Software generation
Many of our projects are heavy duty, mission critical information systems, on the large side by charity sector standards.
To give you an idea of the size, a browser based application for training course administration and CRM contains:
- 258 SQL Server tables
- 3387 stored procedures
- 1421 code modules
- 438 web pages
If you’ve ever written a web page you’ll have some idea of what it would take to make 438 of them, each one stitched in to calling software.
Similarly, writing 3000 stored procedures would take all your remaining sanity.
Faced with large projects, some companies still code by hand, outsourcing the work to parts of the world with cheaper labour.
Our approach since 2003 has been to generate as much as we can over a common core framework.
We take the output from the PaperBuild requirement definition and feed it into suite of software we’ve created called the PaperBuildDB.
From this we’re able to mock-up very large information systems very quickly – the first output is a navigable HTML mock-up of the system.
But the real power of the PaperBuildDB suite comes once the mock-up has been approved - we ask the PaperBuildDB to validate the model, then …
... tell it what we want to generate ...
... and then click Generate!
It creates the tables, views and stored procedure scripts for the database, and the code and web page files for a fully working software application.
It does all this in about twenty seconds for a small project, around a minute for larger ones.

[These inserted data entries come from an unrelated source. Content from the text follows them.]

lemma low_span_generator: "j < m \<Longrightarrow> x \<in> X j \<Longrightarrow> lM a x \<in> low_span m"
  unfolding left_span_eq_finite_sums
  using finite_sums_generator[of "(a, x)" "UNIV \<times> hsums X {..<m}" "\<lambda>(a, x). lM a x"]
    hsums_generator[of j "{..<m}"] by auto

lemma low_span_mono: "j \<le> m \<Longrightarrow> low_span j \<subseteq> low_span m"
  unfolding left_span_eq_finite_sums
  by (intro finite_sums_mono Sigma_mono hsums_mono) auto

lemma low_span_diff:
  assumes "u \<in> low_span m" "v \<in> low_span m"
  shows "u - v \<in> low_span m"
proof -
  have "- v \<in> low_span m"
    using assms(2) unfolding left_span_eq_finite_sums
    by (rule finite_sums_uminus[rotated])
      (use additive.minus[OF additive_lM_left] in \<open>fastforce intro!: bexI[of _ "(- _, _)"]\<close>)
  with assms(1) show ?thesis using low_span_add by fastforce
qed

lemma right_span_zero: "0 \<in> right_span"
  and right_span_add: "u \<in> right_span \<Longrightarrow> v \<in> right_span \<Longrightarrow> u + v \<in> right_span"
  by (simp_all add: finite_sums_zero finite_sums_add)

lemma right_span_diff:
  assumes "u \<in> right_span" "v \<in> right_span"
  shows "u - v \<in> right_span"
proof -
  have "- v \<in> right_span"
    using assms(2) by (rule finite_sums_uminus[rotated])
      (use additive.minus[OF additive_rM_right] in \<open>fastforce intro!: bexI[of _ "(_, - _)"]\<close>)
  with assms(1) show ?thesis using finite_sums_add by fastforce
qed

lemma low_span_sum: "(\<And>x. x \<in> A \<Longrightarrow> f x \<in> low_span m) \<Longrightarrow> sum f A \<in> low_span m"
  by (rule sum_closed[OF low_span_zero low_span_add])

lemma lM_koszul_sign: "lM (koszul_sign k a) y = koszul_sign k (lM a y)"
  by (simp add: koszul_sign_def additive.minus[OF additive_lM_left])

text \<open>Moving b past a generator of degree m multiplies its component of degree n by (-1)^(mn).\<close>
definition koszul_twist :: "nat \<Rightarrow> 'a \<Rightarrow> 'a" where
  "koszul_twist m b = (\<Sum>n | hcomp GA b n \<noteq> 0. koszul_sign (m * n) (hcomp GA b n))"

lemma hcomp_koszul_twist:
  "hcomp GA (koszul_twist m b) = (\<lambda>n. koszul_sign (m * n) (hcomp GA b n))"
proof (rule hcomp_unique[OF GA_dsum, where D = "{n. hcomp GA b n \<noteq> 0}"])
  show "koszul_sign (m * n) (hcomp GA b n) \<in> GA n" for n
    using hcomp_in[OF GA_dsum] graded_dsum_closed[OF GA_dsum] by (simp add: koszul_sign_def)
qed (auto simp: koszul_twist_def koszul_sign_def finite_hcomp_support[OF GA_dsum])

lemma koszul_twist_add: "koszul_twist m (b + b') = koszul_twist m b + koszul_twist m b'"
  by (rule hcomp_inject[OF GA_dsum])
    (simp add: hcomp_add[OF GA_dsum] hcomp_koszul_twist koszul_sign_add)

lemma hcomp_GA_mult_alg: "hcomp GA (b * alg r) = (\<lambda>n. hcomp GA b n * alg r)"
proof -
  have "additive (\<lambda>b. b * alg r)" by (simp add: additive_def distrib_right)
  then show ?thesis
    by (rule hcomp_additive_image[OF _ GA_dsum]) (metis alg_commute alg_mult_in_GA)
qed

lemma koszul_twist_alg: "koszul_twist m (b * alg r) = alg r * koszul_twist m b"
  unfolding alg_commute[of r]
  by (rule hcomp_inject[OF GA_dsum])
    (simp add: hcomp_GA_mult_alg hcomp_koszul_twist koszul_sign_mult_right)

lemma koszul_twist_involution: "koszul_twist m (koszul_twist m b) = b"
  by (rule hcomp_inject[OF GA_dsum]) (simp add: hcomp_koszul_twist koszul_sign_involution)

lemma rM_generator_mod_low_span:
  assumes y: "y \<in> X m"
  shows "rM y b - lM (koszul_twist m b) y \<in> low_span m"
proof -
  let ?D = "{n. hcomp GA b n \<noteq> 0}"
  have "rM y b = rM y (sum (hcomp GA b) ?D)"
    using sum_hcomp[OF GA_dsum finite_hcomp_support[OF GA_dsum]] by simp
  then have "rM y b - lM (koszul_twist m b) y =
      (\<Sum>n\<in>?D. rM (lM 1 y) (hcomp GA b n) - koszul_sign (m * n) (lM (1 * hcomp GA b n) y))"
    by (simp add: koszul_twist_def additive.sum[OF additive_rM_right] additive.sum[OF additive_lM_left]
        lM_koszul_sign sum_subtractf lM_one)
  also have "\<dots> \<in> low_span m"
    by (intro low_span_sum right_triangular[rule_format, OF y hcomp_in[OF GA_dsum]])
  finally show ?thesis .
qed

lemma hcomp_GM_generator: "x \<in> X j \<Longrightarrow> hcomp GM x m = (if m = j then x else 0)"
  using hcomp_homogeneous[OF GM_dsum] X_subset_GM by fastforce

lemma hcomp_GM_in_X: "x \<in> Xsum \<Longrightarrow> hcomp GM x m \<in> X m"
  by (rule additive.hsums_image[OF additive_hcomp[OF GM_dsum] X_zero X_add])
    (auto simp: hcomp_GM_generator X_zero)

lemma hcomp_GM_low:
  assumes "z \<in> hsums X {..<m}"
  shows "hcomp GM z m = 0"
proof -
  have "hcomp GM z m \<in> {0}"
    by (rule additive.hsums_image[OF additive_hcomp[OF GM_dsum] _ _ assms])
      (auto simp: hcomp_GM_generator)
  then show ?thesis by simp
qed

lemma hcomp_GM_alg: "hcomp GM (lM (alg r) x) m = lM (alg r) (hcomp GM x m)"
  using hcomp_additive_image[OF additive_lM_right GM_dsum] lM_in_GM[OF alg_in_GA] by fastforce

lemma low_span_subset_right_span:
  assumes "\<And>j a x. j < m \<Longrightarrow> x \<in> X j \<Longrightarrow> lM a x \<in> right_span"
  shows "low_span m \<subseteq> right_span"
proof
  fix u assume "u \<in> low_span m"
  then obtain p where p: "set p \<subseteq> UNIV \<times> hsums X {..<m}" "u = left_sum p"
    unfolding left_span_eq_finite_sums by (rule finite_sumsE)
  have "lM a y \<in> right_span" if "y \<in> hsums X {..<m}" for a y
    by (rule additive.hsums_image[OF additive_lM_right right_span_zero right_span_add that])
      (auto intro: assms)
  with p show "u \<in> right_span" by (auto intro!: sum_list_map_in_finite_sums split: prod.split)
qed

The result does then need to be configured for real use – much like you’d configure a package. But, if we say so ourselves, it is impressive.
If you choose a standard CRM or charity software package of any description, you inevitably have to take the package’s view of your data structure – you have to view the world their way.
The key benefit of our approach is that it gives you the freedom to structure your data the way it really is for your organisation.
It may not sound like such a big thing, but if your information system’s data structure matches the reality of the organisation, then using it and extending it is much simpler and easier than shoe-horning your organisation into someone else’s view of the world
And the bigger the project, the more important that is.